◆ WORK REQUIRED
Each line in the entries below that holds the word "barU" belongs in the answer.

[Stored records]
lemma optimal_if_weight_le: "optimal T \<Longrightarrow> T' \<in> bases \<Longrightarrow> weight T' \<le> weight T \<Longrightarrow> optimal T'"
  unfolding optimal_def using order_trans by blast

lemma weight_less_if_marked_psubset: "marked T' \<subset> marked T \<Longrightarrow> weight T' < weight T"
  by (simp add: weight_def psubset_card_mono finite_marked)

lemma weight_swap_le_iff:
  assumes "T \<in> bases" "T' \<in> bases" "a \<in> marked T" "b \<in> supp n x" "b \<notin> marked T"
    and "marked T' = insert b (marked T - {a})"
  shows "weight T' \<le> weight T \<longleftrightarrow> x a + p T' \<le> x b + p T"
    and "weight T \<le> weight T' \<longleftrightarrow> x b + p T \<le> x a + p T'"
proof -
  note swap = card_insert_Diff_swap[OF finite_marked assms(3,5)]
    sum_insert_Diff_swap[OF finite_marked assms(3,5), of "\<lambda>v. real_of_ereal (x v)"]
  have "a \<in> supp n x" using assms(3) by (simp add: marked_def)
  then obtain \<alpha> \<beta> \<pi> \<pi>' where
    "x a = ereal \<alpha>" "x b = ereal \<beta>" "p T = ereal \<pi>" "p T' = ereal \<pi>'"
    using assms(1,2,4) p_basis_real x_supp_real by metis
  with swap assms(6) show "weight T' \<le> weight T \<longleftrightarrow> x a + p T' \<le> x b + p T"
    and "weight T \<le> weight T' \<longleftrightarrow> x b + p T \<le> x a + p T'"
    by (auto simp: weight_def)
qed

lemma circuit_exchange:
  assumes T: "T \<in> bases" and k: "k \<in> supp n x" "k \<notin> bar n T"
  obtains j where "j \<in> marked T" "x j + p (toggle (toggle T k) j) \<le> x k + p T"
proof -
  have kJ: "k \<in> Jset n" using k supp_subset_J by blast
  define U where "U = toggle T k"
  have barU: "bar n U = sdiff (bar n T) {k, star k}" using kJ by (simp add: U_def bar_toggle)
  have "star k \<in> bar n T" using kJ k by (simp add: star_in_bar_iff)
  then have "k \<in> bar n U" using barU k(2) by (simp add: sdiff_def)
  define c where "c = (\<lambda>j. circ n p U j + ereal 0)"
  have ck: "c k = p T" using \<open>k \<in> bar n U\<close> by (simp add: c_def circ_eq U_def)
  have "c \<in> circuits n p"
    unfolding circuits_def
  proof (intro CollectI exI conjI)
    show "U \<subseteq> {1..n}" using toggle_subset[of T n k] T kJ by (simp add: bases_def U_def)
    show "c = (\<lambda>j. circ n p U j + ereal 0)" by (simp add: c_def)
    show "supp n c \<noteq> {}" using kJ ck T by (auto simp: supp_def bases_def)
  qed
  then have "min_twice (Jset n) (\<lambda>j. x j + c j)"
    using in_cocycle_space by (simp add: cocycle_space_def trop_orth_def)
  moreover have "x k + c k \<noteq> PInfty"
    using ck x_supp_real[OF k(1)] p_basis_real[OF T] by (metis plus_ereal.simps(1) ereal.distinct(1))
  ultimately obtain j where j: "j \<in> Jset n" "j \<noteq> k" and le: "x j + c j \<le> x k + c k"
    by (rule min_twice_obtain_other[OF _ kJ])
  then have "x j \<noteq> PInfty" "c j \<noteq> PInfty" using \<open>x k + c k \<noteq> PInfty\<close> by auto
  then have jX: "j \<in> supp n x" and jU: "j \<in> bar n U"
    using j by (auto simp: supp_def c_def circ_eq split: if_splits)
  have "j \<in> bar n T" using jU barU j(2) star_notin_supp[OF k(1)] jX by (auto simp: sdiff_def)
  moreover have "c j = p (toggle (toggle T k) j)" using jU by (simp add: c_def circ_eq U_def)
  ultimately show thesis using that[of j] jX le ck by (simp add: marked_def)
qed

lemma optimal_exchange:
  assumes opt: "optimal T" and k: "k \<in> supp n x" "k \<notin> bar n T"
  shows "\<exists>T'. optimal T' \<and> k \<in> bar n T'"
proof -
  have kJ: "k \<in> Jset n" using k supp_subset_J by blast
  have T: "T \<in> bases" using opt by (simp add: optimal_def)
  obtain j where jM: "j \<in> marked T" and le: "x j + p (toggle (toggle T k) j) \<le> x k + p T"
    using circuit_exchange[OF T k] .
  define T' where "T' = toggle (toggle T k) j"
  have jX: "j \<in> supp n x" and jT: "j \<in> bar n T" using jM by (simp_all add: marked_def)
  have jJ: "j \<in> Jset n" using jX supp_subset_J by blast
  obtain \<alpha> \<beta> r where "x k = ereal \<alpha>" "x j = ereal \<beta>" "p T = ereal r"
    using x_supp_real[OF k(1)] x_supp_real[OF jX] p_basis_real[OF T] by metis
  with le have "p T' \<noteq> PInfty" by (auto simp: T'_def)
  then have T'_basis: "T' \<in> bases"
    using T kJ jJ toggle_subset[of T n k] toggle_subset[of "toggle T k" n j]
    by (simp add: bases_def T'_def)
  have barT': "bar n T' = sdiff (sdiff (bar n T) {k, star k}) {j, star j}"
    using kJ jJ by (simp add: T'_def bar_toggle)
  have "marked T' = insert k (marked T - {j})"
    unfolding marked_def barT'
    by (rule sdiff_swap_Int(2)[OF jT k(2,1) star_notin_supp[OF jX] star_notin_supp[OF k(1)]])
  moreover have "k \<notin> marked T" using k(2) by (simp add: marked_def)
  ultimately have "weight T' \<le> weight T"
    using weight_swap_le_iff(1)[OF T T'_basis jM k(1)] le by (simp add: T'_def)
  moreover have "k \<in> bar n T'"
    using barT' k jT star_notin_supp[OF jX] by (auto simp: sdiff_def)
  ultimately show ?thesis using optimal_if_weight_le[OF opt T'_basis] by blast
qed

lemma optimal_exchange_le:
  assumes opt: "optimal T" and k: "k \<in> supp n x" "k \<in> bar n T"
    and j: "j \<in> Jset n" "j \<notin> bar n T" "j \<noteq> star k"
  shows "x j + p T \<le> x k + p (toggle (toggle T k) j)"
proof (cases "p (toggle (toggle T k) j) = PInfty")
  case True
  obtain \<alpha> where "x k = ereal \<alpha>" using x_supp_real[OF k(1)] by metis
  with True show ?thesis by simp
next
  case False
  define T' where "T' = toggle (toggle T k) j"
  have kJ: "k \<in> Jset n" using k supp_subset_J by blast
  have T: "T \<in> bases" using opt by (simp add: optimal_def)
  have T'_basis: "T' \<in> bases"
    using False T kJ j(1) toggle_subset[of T n k] toggle_subset[of "toggle T k" n j]
    by (simp add: bases_def T'_def)
  have barT': "bar n T' = sdiff (sdiff (bar n T) {k, star k}) {j, star j}"
    using kJ j(1) by (simp add: T'_def bar_toggle)
  have jX: "j \<in> supp n x"
  proof (rule ccontr)
    assume jX': "j \<notin> supp n x"
    have "star j \<in> bar n T" using j(1,2) by (simp add: star_in_bar_iff)
    moreover have "star j \<noteq> k" "star j \<noteq> star k" using j(2,3) k(2) by auto
    ultimately have "marked T' \<subset> marked T"
      unfolding marked_def barT'
      by (rule sdiff_sdiff_Int_psubset[OF k(2,1) jX' star_notin_supp[OF k(1)]])
    then have "weight T' < weight T" by (rule weight_less_if_marked_psubset)
    moreover have "weight T \<le> weight T'" using opt T'_basis by (simp add: optimal_def)
    ultimately show False by simp
  qed
  have "marked T' = insert j (marked T - {k})"
    unfolding marked_def barT'
    by (rule sdiff_swap_Int(1)[OF k(2) j(2) jX star_notin_supp[OF k(1)] star_notin_supp[OF jX]])
  moreover have "k \<in> marked T" "j \<notin> marked T" using k j(2) by (simp_all add: marked_def)
  ultimately have "weight T \<le> weight T' \<longleftrightarrow> x j + p T \<le> x k + p T'"
    by (intro weight_swap_le_iff(2)[OF T T'_basis _ jX])
  moreover have "weight T \<le> weight T'" using opt T'_basis by (simp add: optimal_def)
  ultimately have "x j + p T \<le> x k + p T'" by blast
  then show ?thesis by (simp add: T'_def)
qed
(* Let $X$ be a finite set and $A\subseteq X$ with $|A|$ even. \begin{enumerate} \item Let $(p_B)_{B\subseteq X}$ be nonnegative reals summing to $1$, $\tilde p_B=(p_B+p_{X\setminus B})/2$, $s_C=\sum_{B\in\mathcal{S}_C}p_B$ with $\mathcal{S}_C=\{B\subseteq X: C\cap B\neq\emptyset,\ C\cap(X\setminus B)\neq\emptyset\}$, and $\gamma_A=\sum_{B\subseteq X:\,|A\cap B|\text{ odd}}\tilde p_B$. Then \[ \gamma_A=\frac14\sum_{\substack{B\subseteq A\\|B|\text{ even}}}2^{|B|}\,\mathbb{E}_{|A|-|B|}\,s_B . \] \item Let $T$ be a phylogenetic tree with leaf set $X$ and nonnegative branch lengths, $\tilde w_B=w_{B|X\setminus B}/2$ where $w_{B|X\setminus B}$ is the length of the edge of $T$ whose deletion splits the leaves into $B$ and $X\setminus B$ (or $0$ if there is none), $\delta_C$ the sum of branch lengths of the smallest subtree of $T$ connecting $C$ ($0$ if $|C|\le1$), and $\mu_A=\sum_{B\subseteq X:\,|A\cap B|\text{ odd}}\tilde w_B$. Then \[ \mu_A=\frac14\sum_{\substack{B\subseteq A\\|B|\text{ even}}}2^{|B|}\,\mathbb{E}_{|A|-|B|}\,\delta_B . \] \end{enumerate}
   Context: The Euler numbers $\mathbb{E}_k$ are defined by $\frac{1}{\cosh(x)}=\frac{2}{e^x+e^{-x}}=\sum_{k=0}^\infty \mathbb{E}_k\frac{x^k}{k!}$. $p_B$ is the probability that at a bi-allelic site exactly the taxa in $B$ have state $1$, and $s_C$ is the probability that a site is non-constant over $C$. A phylogenetic tree with leaf set $X$ is a tree whose leaves are bijectively labelled by $X$ and whose internal vertices have degree at least $3$. *)

theory Defs
  imports "HOL-Computational_Algebra.Formal_Power_Series"
begin

definition sech_fps :: "real fps" where
  "sech_fps = fps_const 2 * inverse (fps_exp 1 + fps_exp (-1))"

definition euler_number :: "nat \<Rightarrow> real" where
  "euler_number k = fact k * fps_nth sech_fps k"

definition ptilde :: "'a set \<Rightarrow> ('a set \<Rightarrow> real) \<Rightarrow> 'a set \<Rightarrow> real" where
  "ptilde X p B = (p B + p (X - B)) / 2"

definition S_set :: "'a set \<Rightarrow> 'a set \<Rightarrow> 'a set set" where
  "S_set X C = {B. B \<subseteq> X \<and> C \<inter> B \<noteq> {} \<and> C \<inter> (X - B) \<noteq> {}}"

definition s_nonconst :: "'a set \<Rightarrow> ('a set \<Rightarrow> real) \<Rightarrow> 'a set \<Rightarrow> real" where
  "s_nonconst X p C = (\<Sum>B\<in>S_set X C. p B)"

definition gamma :: "'a set \<Rightarrow> ('a set \<Rightarrow> real) \<Rightarrow> 'a set \<Rightarrow> real" where
  "gamma X p A = (\<Sum>B\<in>{B. B \<subseteq> X \<and> odd (card (A \<inter> B))}. ptilde X p B)"

definition adj :: "'v set set \<Rightarrow> 'v \<Rightarrow> 'v \<Rightarrow> bool" where
  "adj E u v \<longleftrightarrow> {u, v} \<in> E"

definition is_path :: "'v set set \<Rightarrow> 'v list \<Rightarrow> bool" where
  "is_path E xs \<longleftrightarrow> xs \<noteq> [] \<and> distinct xs \<and> (\<forall>i. Suc i < length xs \<longrightarrow> adj E (xs ! i) (xs ! Suc i))"

definition path_edges :: "'v list \<Rightarrow> 'v set set" where
  "path_edges xs = {{xs ! i, xs ! Suc i} | i. Suc i < length xs}"

definition is_cycle :: "'v set set \<Rightarrow> 'v list \<Rightarrow> bool" where
  "is_cycle E xs \<longleftrightarrow> length xs \<ge> 3 \<and> is_path E xs \<and> adj E (last xs) (hd xs)"

definition graph :: "'v set \<Rightarrow> 'v set set \<Rightarrow> bool" where
  "graph V E \<longleftrightarrow> finite V \<and> (\<forall>e\<in>E. \<exists>u v. e = {u, v} \<and> u \<noteq> v \<and> u \<in> V \<and> v \<in> V)"

definition connected_graph :: "'v set \<Rightarrow> 'v set set \<Rightarrow> bool" where
  "connected_graph V E \<longleftrightarrow> (\<forall>u\<in>V. \<forall>v\<in>V. \<exists>xs. is_path E xs \<and> hd xs = u \<and> last xs = v)"

definition is_tree :: "'v set \<Rightarrow> 'v set set \<Rightarrow> bool" where
  "is_tree V E \<longleftrightarrow> graph V E \<and> V \<noteq> {} \<and> connected_graph V E \<and> \<not> (\<exists>xs. is_cycle E xs)"

definition degree :: "'v set set \<Rightarrow> 'v \<Rightarrow> nat" where
  "degree E v = card {e\<in>E. v \<in> e}"

definition phylo_tree :: "'a set \<Rightarrow> 'v set \<Rightarrow> 'v set set \<Rightarrow> ('a \<Rightarrow> 'v) \<Rightarrow> bool" where
  "phylo_tree X V E phi \<longleftrightarrow> is_tree V E \<and>
     bij_betw phi X {v\<in>V. degree E v \<le> 1} \<and>
     (\<forall>v\<in>V. degree E v \<le> 1 \<or> degree E v \<ge> 3)"

definition split_side :: "'a set \<Rightarrow> 'v set set \<Rightarrow> ('a \<Rightarrow> 'v) \<Rightarrow> 'v set \<Rightarrow> 'v \<Rightarrow> 'a set" where
  "split_side X E phi e u = {x\<in>X. \<exists>xs. is_path (E - {e}) xs \<and> hd xs = u \<and> last xs = phi x}"

definition edge_induces :: "'a set \<Rightarrow> 'v set set \<Rightarrow> ('a \<Rightarrow> 'v) \<Rightarrow> 'v set \<Rightarrow> 'a set \<Rightarrow> bool" where
  "edge_induces X E phi e B \<longleftrightarrow> (\<exists>u\<in>e. split_side X E phi e u = B)"

text \<open>w_{B|X-B}: the length of the edge inducing the split B|X-B (0 if there is none); in a
  phylogenetic tree there is at most one such edge, so we take the sum over all such edges.\<close>
definition split_weight :: "'a set \<Rightarrow> 'v set set \<Rightarrow> ('a \<Rightarrow> 'v) \<Rightarrow> ('v set \<Rightarrow> real) \<Rightarrow> 'a set \<Rightarrow> real" where
  "split_weight X E phi w B = (\<Sum>e\<in>{e\<in>E. edge_induces X E phi e B}. w e)"

definition wtilde :: "'a set \<Rightarrow> 'v set set \<Rightarrow> ('a \<Rightarrow> 'v) \<Rightarrow> ('v set \<Rightarrow> real) \<Rightarrow> 'a set \<Rightarrow> real" where
  "wtilde X E phi w B = split_weight X E phi w B / 2"

text \<open>Edges of the smallest subtree connecting the leaves labelled by C: the union of the paths
  between pairs of such leaves.\<close>
definition span_edges :: "'v set set \<Rightarrow> ('a \<Rightarrow> 'v) \<Rightarrow> 'a set \<Rightarrow> 'v set set" where
  "span_edges E phi C = \<Union>{path_edges xs | xs x y. x \<in> C \<and> y \<in> C \<and> is_path E xs \<and> hd xs = phi x \<and> last xs = phi y}"

definition delta :: "'v set set \<Rightarrow> ('a \<Rightarrow> 'v) \<Rightarrow> ('v set \<Rightarrow> real) \<Rightarrow> 'a set \<Rightarrow> real" where
  "delta E phi w C = (if card C \<le> 1 then 0 else (\<Sum>e\<in>span_edges E phi C. w e))"

definition mu :: "'a set \<Rightarrow> 'v set set \<Rightarrow> ('a \<Rightarrow> 'v) \<Rightarrow> ('v set \<Rightarrow> real) \<Rightarrow> 'a set \<Rightarrow> real" where
  "mu X E phi w A = (\<Sum>B\<in>{B. B \<subseteq> X \<and> odd (card (A \<inter> B))}. wtilde X E phi w B)"

end

theory Submission
  imports Defs "HOL-Computational_Algebra.Polynomial"
begin

text \<open>Both identities are linear in the weights of the splits D | X - D. A split contributes to
  gamma_A (resp. mu_A) iff |A \<inter> D| is odd, and to s_C (resp. delta_C) iff C meets both D and X - D;
  for trees this holds because the edges of the subtree spanned by C are exactly the edges whose
  split separates C. It therefore suffices to show, for D \<subseteq> A with |A| even, that the sum of
  2^|C| E_(|A|-|C|) over the even C \<subseteq> A meeting both D and A - D is 4 if |D| is odd and 0 otherwise.
  With the umbral evaluation L(x^k) = E_k, inclusion-exclusion writes this sum as
  L((x+2)^(a+b)) - L(x^b (x+2)^a) - L(x^a (x+2)^b) + E_(a+b), where a = |D| and b = |A - D|.
  Since sech(x) (e^x + e^-x) = 2, L satisfies L(p(x+1)) + L(p(x-1)) = 2 p(0) and is invariant
  under x \<mapsto> -x, which evaluates the four terms.\<close>

section \<open>Umbral calculus for the Euler numbers\<close>

lemma euler_number_recurrence:
  "(\<Sum>i\<le>k. of_nat (k choose i) * euler_number i * (1 + (-1)^(k-i))) = (if k = 0 then 2 else 0)"
proof -
  define g :: "real fps" where "g = fps_exp 1 + fps_exp (-1)"
  have "sech_fps * g = fps_const 2 * (inverse g * g)"
    by (simp add: sech_fps_def g_def mult.assoc)
  also have "\<dots> = fps_const 2"
    using inverse_mult_eq_1[of g] by (simp add: g_def)
  finally have product: "fps_nth (sech_fps * g) k = (if k = 0 then 2 else 0)"
    by simp
  have "(\<Sum>i\<le>k. of_nat (k choose i) * euler_number i * (1 + (-1)^(k-i)))
      = (\<Sum>i\<le>k. fact k * (euler_number i / fact i * ((1 + (-1)^(k-i)) / fact (k - i))))"
    by (rule sum.cong) (simp_all add: binomial_fact field_simps)
  also have "\<dots> = fact k * fps_nth (sech_fps * g) k"
    unfolding fps_mult_nth atLeast0AtMost sum_distrib_left
    by (rule sum.cong) (auto simp: euler_number_def g_def add_divide_distrib)
  finally show ?thesis
    using product by simp
qed
(* Let $d\geqslant 2$ and $k\geqslant 1$ be integers and let $a\in\mathbb{Z}_p$. Then (1) $L^d(a)$ is self-similar of index $p^k$, and (2) $L^d(a)$ is strongly hereditarily self-similar of index $p^k$.
   Context: $p$ is any prime. For $d\geqslant 2$ and $a\in\mathbb{Z}_p$, $L^d(a)$ is the $\mathbb{Z}_p$-Lie lattice $\mathbb{Z}_p^d$ with canonical basis $(x_0,\dots,x_{d-1})$ and bracket determined by $[x_i,x_j]=0$ and $[x_0,x_i]=ax_i$ for $i,j\in\{1,\dots,d-1\}$. A virtual endomorphism of a $\mathbb{Z}_p$-Lie lattice $L$ is a homomorphism of algebras $\varphi:M\to L$ with $M\subseteq L$ a finite-index subalgebra, of index $[L:M]$. An ideal $I$ of $L$ is $\varphi$-invariant if it lies in the domain of every power of $\varphi$ and $\varphi(I)\subseteq I$; $\varphi$ is simple if no non-zero ideal is $\varphi$-invariant. $L$ is self-similar of index $p^k$ if it has a simple virtual endomorphism of index $p^k$; it is strongly hereditarily self-similar of index $p^k$ if it is self-similar of index $p^k$ and every non-zero subalgebra of $L$ is self-similar of index $p^k$. *)

theory Defs
  imports Main "HOL-Computational_Algebra.Primes"
begin

section \<open>The p-adic integers as compatible sequences of residues\<close>

type_synonym zp = "nat \<Rightarrow> int"

definition Zp :: "nat \<Rightarrow> zp set" where
  "Zp p = {x. \<forall>n. 0 \<le> x n \<and> x n < int p ^ n \<and> x (Suc n) mod (int p ^ n) = x n}"

definition zp_zero :: zp where "zp_zero = (\<lambda>n. 0)"
definition zp_add :: "nat \<Rightarrow> zp \<Rightarrow> zp \<Rightarrow> zp" where
  "zp_add p x y = (\<lambda>n. (x n + y n) mod (int p ^ n))"
definition zp_neg :: "nat \<Rightarrow> zp \<Rightarrow> zp" where
  "zp_neg p x = (\<lambda>n. (- x n) mod (int p ^ n))"
definition zp_mul :: "nat \<Rightarrow> zp \<Rightarrow> zp \<Rightarrow> zp" where
  "zp_mul p x y = (\<lambda>n. (x n * y n) mod (int p ^ n))"

type_synonym zvec = "nat \<Rightarrow> zp"

definition Vd :: "nat \<Rightarrow> nat \<Rightarrow> zvec set" where
  "Vd p d = {v. (\<forall>i<d. v i \<in> Zp p) \<and> (\<forall>i\<ge>d. v i = zp_zero)}"

definition vzero :: zvec where "vzero = (\<lambda>i. zp_zero)"
definition vadd :: "nat \<Rightarrow> zvec \<Rightarrow> zvec \<Rightarrow> zvec" where
  "vadd p v w = (\<lambda>i. zp_add p (v i) (w i))"
definition vsub :: "nat \<Rightarrow> zvec \<Rightarrow> zvec \<Rightarrow> zvec" where
  "vsub p v w = (\<lambda>i. zp_add p (v i) (zp_neg p (w i)))"
definition vsmul :: "nat \<Rightarrow> zp \<Rightarrow> zvec \<Rightarrow> zvec" where
  "vsmul p c v = (\<lambda>i. zp_mul p c (v i))"

text \<open>Bracket of L^d(a): bilinear extension of [x_i,x_j]=0, [x_0,x_i]=a x_i (i,j \<ge> 1),
  i.e. [u,v] = a * sum_{i>=1} (u_0 v_i - v_0 u_i) x_i.\<close>
definition Ld_br :: "nat \<Rightarrow> zp \<Rightarrow> zvec \<Rightarrow> zvec \<Rightarrow> zvec" where
  "Ld_br p a u v = (\<lambda>i. if 1 \<le> i
      then zp_mul p a (zp_add p (zp_mul p (u 0) (v i)) (zp_neg p (zp_mul p (v 0) (u i))))
      else zp_zero)"

definition submod :: "nat \<Rightarrow> nat \<Rightarrow> zvec set \<Rightarrow> bool" where
  "submod p d S \<longleftrightarrow> S \<subseteq> Vd p d \<and> vzero \<in> S \<and>
     (\<forall>u\<in>S. \<forall>v\<in>S. vadd p u v \<in> S) \<and> (\<forall>c\<in>Zp p. \<forall>u\<in>S. vsmul p c u \<in> S)"

definition subalg :: "nat \<Rightarrow> nat \<Rightarrow> (zvec \<Rightarrow> zvec \<Rightarrow> zvec) \<Rightarrow> zvec set \<Rightarrow> zvec set \<Rightarrow> bool" where
  "subalg p d br H S \<longleftrightarrow> submod p d S \<and> S \<subseteq> H \<and> (\<forall>u\<in>S. \<forall>v\<in>S. br u v \<in> S)"

definition lie_ideal :: "nat \<Rightarrow> nat \<Rightarrow> (zvec \<Rightarrow> zvec \<Rightarrow> zvec) \<Rightarrow> zvec set \<Rightarrow> zvec set \<Rightarrow> bool" where
  "lie_ideal p d br H I \<longleftrightarrow> submod p d I \<and> I \<subseteq> H \<and> (\<forall>h\<in>H. \<forall>x\<in>I. br h x \<in> I)"

definition lat_index :: "nat \<Rightarrow> zvec set \<Rightarrow> zvec set \<Rightarrow> nat" where
  "lat_index p H M = card (H // {(u,v). u \<in> H \<and> v \<in> H \<and> vsub p u v \<in> M})"

definition finite_index :: "nat \<Rightarrow> zvec set \<Rightarrow> zvec set \<Rightarrow> bool" where
  "finite_index p H M \<longleftrightarrow> finite (H // {(u,v). u \<in> H \<and> v \<in> H \<and> vsub p u v \<in> M})"

definition virt_endo :: "nat \<Rightarrow> nat \<Rightarrow> (zvec \<Rightarrow> zvec \<Rightarrow> zvec) \<Rightarrow> zvec set \<Rightarrow> zvec set
     \<Rightarrow> (zvec \<Rightarrow> zvec) \<Rightarrow> bool" where
  "virt_endo p d br H M \<phi> \<longleftrightarrow> subalg p d br H M \<and> finite_index p H M \<and> \<phi> ` M \<subseteq> H \<and>
     (\<forall>u\<in>M. \<forall>v\<in>M. \<phi> (vadd p u v) = vadd p (\<phi> u) (\<phi> v)) \<and>
     (\<forall>c\<in>Zp p. \<forall>u\<in>M. \<phi> (vsmul p c u) = vsmul p c (\<phi> u)) \<and>
     (\<forall>u\<in>M. \<forall>v\<in>M. \<phi> (br u v) = br (\<phi> u) (\<phi> v))"

fun pow_dom :: "zvec set \<Rightarrow> zvec set \<Rightarrow> (zvec \<Rightarrow> zvec) \<Rightarrow> nat \<Rightarrow> zvec set" where
  "pow_dom H M \<phi> 0 = H"
| "pow_dom H M \<phi> (Suc n) = {x \<in> M. \<phi> x \<in> pow_dom H M \<phi> n}"

definition phi_invariant :: "zvec set \<Rightarrow> zvec set \<Rightarrow> (zvec \<Rightarrow> zvec) \<Rightarrow> zvec set \<Rightarrow> bool" where
  "phi_invariant H M \<phi> I \<longleftrightarrow> (\<forall>n. I \<subseteq> pow_dom H M \<phi> n) \<and> \<phi> ` I \<subseteq> I"

definition simple_ve :: "nat \<Rightarrow> nat \<Rightarrow> (zvec \<Rightarrow> zvec \<Rightarrow> zvec) \<Rightarrow> zvec set \<Rightarrow> zvec set
     \<Rightarrow> (zvec \<Rightarrow> zvec) \<Rightarrow> bool" where
  "simple_ve p d br H M \<phi> \<longleftrightarrow>
     (\<forall>I. lie_ideal p d br H I \<and> I \<noteq> {vzero} \<longrightarrow> \<not> phi_invariant H M \<phi> I)"

definition self_similar :: "nat \<Rightarrow> nat \<Rightarrow> (zvec \<Rightarrow> zvec \<Rightarrow> zvec) \<Rightarrow> zvec set \<Rightarrow> nat \<Rightarrow> bool" where
  "self_similar p d br H k \<longleftrightarrow>
     (\<exists>M \<phi>. virt_endo p d br H M \<phi> \<and> lat_index p H M = p ^ k \<and> simple_ve p d br H M \<phi>)"

definition strongly_hered_self_similar ::
    "nat \<Rightarrow> nat \<Rightarrow> (zvec \<Rightarrow> zvec \<Rightarrow> zvec) \<Rightarrow> zvec set \<Rightarrow> nat \<Rightarrow> bool" where
  "strongly_hered_self_similar p d br H k \<longleftrightarrow> self_similar p d br H k \<and>
     (\<forall>S. subalg p d br H S \<and> S \<noteq> {vzero} \<longrightarrow> self_similar p d br S k)"

end

(* Every non-zero subalgebra S of L^d(a) has an echelon basis b_0, ..., b_(r-1), in which only b_0
   has a non-zero x_0-coordinate; it is found by Gaussian elimination over the discrete valuation
   ring Z_p, always pivoting on a coordinate of least valuation. In this basis S is isomorphic to
   L^r(c) with c = a b_0(0), and self-similarity is transported along isomorphisms, so it suffices
   to show that every L^r(c) is self-similar of index p^k.

   Fix a coordinate j, let M be the sublattice of index p^k of vectors whose j-th coordinate is
   divisible by p^k, and let phi : M -> Z_p^r delete the j-th coordinate, shift the later ones
   down and append the j-th coordinate divided by p^k. If L^r(c) is abelian take j = 0; otherwise
   take j = 1, where phi is a Lie homomorphism because the bracket only multiplies by coordinate 0,
   which phi fixes. A vector v in the domain of every power of phi whose coordinates below j vanish
   is zero: its coordinates j, ..., r - 1 are divisible by p^k, and after r - j applications of
   phi they are divided by p^k, so by induction they are divisible by every power of p. Every
   non-zero ideal contains a non-zero such v (for j = 1 bracket with x_0 or x_1), so phi is
   simple. *)

theory Submission
  imports Defs
begin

◆ RESPONSE BOX
  have barU: "bar n U = sdiff (bar n T) {k, star k}" using kJ by (simp add: U_def bar_toggle)
  then have "k \<in> bar n U" using barU k(2) by (simp add: sdiff_def)
  have "j \<in> bar n T" using jU barU j(2) star_notin_supp[OF k(1)] jX by (auto simp: sdiff_def)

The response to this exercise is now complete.